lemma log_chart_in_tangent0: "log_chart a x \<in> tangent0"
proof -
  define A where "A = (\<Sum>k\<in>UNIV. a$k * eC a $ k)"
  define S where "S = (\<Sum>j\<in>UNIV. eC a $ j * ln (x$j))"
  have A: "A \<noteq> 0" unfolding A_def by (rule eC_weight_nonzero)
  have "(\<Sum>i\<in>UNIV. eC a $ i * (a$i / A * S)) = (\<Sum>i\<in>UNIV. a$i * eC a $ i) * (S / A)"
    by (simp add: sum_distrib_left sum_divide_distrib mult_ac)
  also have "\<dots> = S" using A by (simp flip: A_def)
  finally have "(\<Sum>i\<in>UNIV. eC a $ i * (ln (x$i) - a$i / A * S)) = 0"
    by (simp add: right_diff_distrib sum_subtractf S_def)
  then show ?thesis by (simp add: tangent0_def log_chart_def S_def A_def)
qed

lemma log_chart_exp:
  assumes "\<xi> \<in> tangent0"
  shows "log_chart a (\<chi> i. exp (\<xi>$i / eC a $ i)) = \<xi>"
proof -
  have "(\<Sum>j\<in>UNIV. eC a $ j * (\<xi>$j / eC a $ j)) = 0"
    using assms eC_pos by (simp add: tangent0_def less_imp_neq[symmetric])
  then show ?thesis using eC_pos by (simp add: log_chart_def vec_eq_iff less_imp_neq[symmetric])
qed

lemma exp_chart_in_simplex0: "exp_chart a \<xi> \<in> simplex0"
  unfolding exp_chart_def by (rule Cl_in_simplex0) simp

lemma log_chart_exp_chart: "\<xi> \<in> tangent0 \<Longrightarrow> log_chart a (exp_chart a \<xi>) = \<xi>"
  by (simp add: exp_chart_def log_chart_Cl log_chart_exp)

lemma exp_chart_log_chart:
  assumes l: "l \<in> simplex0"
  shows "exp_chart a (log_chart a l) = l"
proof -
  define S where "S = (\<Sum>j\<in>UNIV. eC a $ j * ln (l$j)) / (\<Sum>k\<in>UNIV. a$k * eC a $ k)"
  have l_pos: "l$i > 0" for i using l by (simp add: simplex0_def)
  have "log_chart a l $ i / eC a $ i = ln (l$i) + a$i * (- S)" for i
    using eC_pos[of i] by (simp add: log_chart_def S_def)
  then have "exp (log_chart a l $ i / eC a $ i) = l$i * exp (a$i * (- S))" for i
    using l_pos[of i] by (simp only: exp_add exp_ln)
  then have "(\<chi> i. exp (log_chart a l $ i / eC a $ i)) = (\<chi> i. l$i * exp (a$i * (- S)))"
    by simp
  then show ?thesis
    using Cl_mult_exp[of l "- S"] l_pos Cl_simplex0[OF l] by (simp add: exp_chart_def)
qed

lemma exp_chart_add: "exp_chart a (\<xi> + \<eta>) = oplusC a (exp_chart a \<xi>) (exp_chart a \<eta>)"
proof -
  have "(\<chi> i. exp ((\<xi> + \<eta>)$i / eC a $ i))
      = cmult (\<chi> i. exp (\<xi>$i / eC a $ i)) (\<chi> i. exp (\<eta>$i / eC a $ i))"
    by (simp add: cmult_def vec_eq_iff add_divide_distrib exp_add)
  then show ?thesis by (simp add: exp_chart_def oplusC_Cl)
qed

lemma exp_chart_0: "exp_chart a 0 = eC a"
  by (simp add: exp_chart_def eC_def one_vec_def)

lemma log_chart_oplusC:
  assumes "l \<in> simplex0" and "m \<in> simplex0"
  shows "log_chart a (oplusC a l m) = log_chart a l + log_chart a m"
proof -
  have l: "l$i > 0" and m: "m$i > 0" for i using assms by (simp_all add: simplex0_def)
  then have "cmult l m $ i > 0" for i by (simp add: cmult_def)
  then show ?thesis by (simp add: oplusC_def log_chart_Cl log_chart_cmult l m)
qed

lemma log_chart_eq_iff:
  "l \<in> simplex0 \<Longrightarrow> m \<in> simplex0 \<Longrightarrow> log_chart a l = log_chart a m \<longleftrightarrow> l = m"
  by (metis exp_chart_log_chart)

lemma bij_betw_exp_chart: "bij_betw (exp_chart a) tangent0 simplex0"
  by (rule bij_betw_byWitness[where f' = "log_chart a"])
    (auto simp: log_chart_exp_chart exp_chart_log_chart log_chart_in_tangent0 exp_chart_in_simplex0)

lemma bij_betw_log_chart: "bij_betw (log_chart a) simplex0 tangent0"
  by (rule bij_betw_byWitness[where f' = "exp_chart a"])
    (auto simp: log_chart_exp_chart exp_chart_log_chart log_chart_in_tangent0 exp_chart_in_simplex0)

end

——————

THE PROBLEM: Repeat the material in full. Change nothing.

REPLY TO THE EXERCISE:
lemma log_chart_in_tangent0: "log_chart a x \<in> tangent0"
proof -
  define A where "A = (\<Sum>k\<in>UNIV. a$k * eC a $ k)"
  define S where "S = (\<Sum>j\<in>UNIV. eC a $ j * ln (x$j))"
  have A: "A \<noteq> 0" unfolding A_def by (rule eC_weight_nonzero)
  have "(\<Sum>i\<in>UNIV. eC a $ i * (a$i / A * S)) = (\<Sum>i\<in>UNIV. a$i * eC a $ i) * (S / A)"
    by (simp add: sum_distrib_left sum_divide_distrib mult_ac)
  also have "\<dots> = S" using A by (simp flip: A_def)
  finally have "(\<Sum>i\<in>UNIV. eC a $ i * (ln (x$i) - a$i / A * S)) = 0"
    by (simp add: right_diff_distrib sum_subtractf S_def)
  then show ?thesis by (simp add: tangent0_def log_chart_def S_def A_def)
qed

lemma log_chart_exp:
  assumes "\<xi> \<in> tangent0"
  shows "log_chart a (\<chi> i. exp (\<xi>$i / eC a $ i)) = \<xi>"
proof -
  have "(\<Sum>j\<in>UNIV. eC a $ j * (\<xi>$j / eC a $ j)) = 0"
    using assms eC_pos by (simp add: tangent0_def less_imp_neq[symmetric])
  then show ?thesis using eC_pos by (simp add: log_chart_def vec_eq_iff less_imp_neq[symmetric])
qed

lemma exp_chart_in_simplex0: "exp_chart a \<xi> \<in> simplex0"
  unfolding exp_chart_def by (rule Cl_in_simplex0) simp

lemma log_chart_exp_chart: "\<xi> \<in> tangent0 \<Longrightarrow> log_chart a (exp_chart a \<xi>) = \<xi>"
  by (simp add: exp_chart_def log_chart_Cl log_chart_exp)

lemma exp_chart_log_chart:
  assumes l: "l \<in> simplex0"
  shows "exp_chart a (log_chart a l) = l"
proof -
  define S where "S = (\<Sum>j\<in>UNIV. eC a $ j * ln (l$j)) / (\<Sum>k\<in>UNIV. a$k * eC a $ k)"
  have l_pos: "l$i > 0" for i using l by (simp add: simplex0_def)
  have "log_chart a l $ i / eC a $ i = ln (l$i) + a$i * (- S)" for i
    using eC_pos[of i] by (simp add: log_chart_def S_def)
  then have "exp (log_chart a l $ i / eC a $ i) = l$i * exp (a$i * (- S))" for i
    using l_pos[of i] by (simp only: exp_add exp_ln)
  then have "(\<chi> i. exp (log_chart a l $ i / eC a $ i)) = (\<chi> i. l$i * exp (a$i * (- S)))"
    by simp
  then show ?thesis
    using Cl_mult_exp[of l "- S"] l_pos Cl_simplex0[OF l] by (simp add: exp_chart_def)
qed

lemma exp_chart_add: "exp_chart a (\<xi> + \<eta>) = oplusC a (exp_chart a \<xi>) (exp_chart a \<eta>)"
proof -
  have "(\<chi> i. exp ((\<xi> + \<eta>)$i / eC a $ i))
      = cmult (\<chi> i. exp (\<xi>$i / eC a $ i)) (\<chi> i. exp (\<eta>$i / eC a $ i))"
    by (simp add: cmult_def vec_eq_iff add_divide_distrib exp_add)
  then show ?thesis by (simp add: exp_chart_def oplusC_Cl)
qed

lemma exp_chart_0: "exp_chart a 0 = eC a"
  by (simp add: exp_chart_def eC_def one_vec_def)

lemma log_chart_oplusC:
  assumes "l \<in> simplex0" and "m \<in> simplex0"
  shows "log_chart a (oplusC a l m) = log_chart a l + log_chart a m"
proof -
  have l: "l$i > 0" and m: "m$i > 0" for i using assms by (simp_all add: simplex0_def)
  then have "cmult l m $ i > 0" for i by (simp add: cmult_def)
  then show ?thesis by (simp add: oplusC_def log_chart_Cl log_chart_cmult l m)
qed

lemma log_chart_eq_iff:
  "l \<in> simplex0 \<Longrightarrow> m \<in> simplex0 \<Longrightarrow> log_chart a l = log_chart a m \<longleftrightarrow> l = m"
  by (metis exp_chart_log_chart)

lemma bij_betw_exp_chart: "bij_betw (exp_chart a) tangent0 simplex0"
  by (rule bij_betw_byWitness[where f' = "log_chart a"])
    (auto simp: log_chart_exp_chart exp_chart_log_chart log_chart_in_tangent0 exp_chart_in_simplex0)

lemma bij_betw_log_chart: "bij_betw (log_chart a) simplex0 tangent0"
  by (rule bij_betw_byWitness[where f' = "exp_chart a"])
    (auto simp: log_chart_exp_chart exp_chart_log_chart log_chart_in_tangent0 exp_chart_in_simplex0)

end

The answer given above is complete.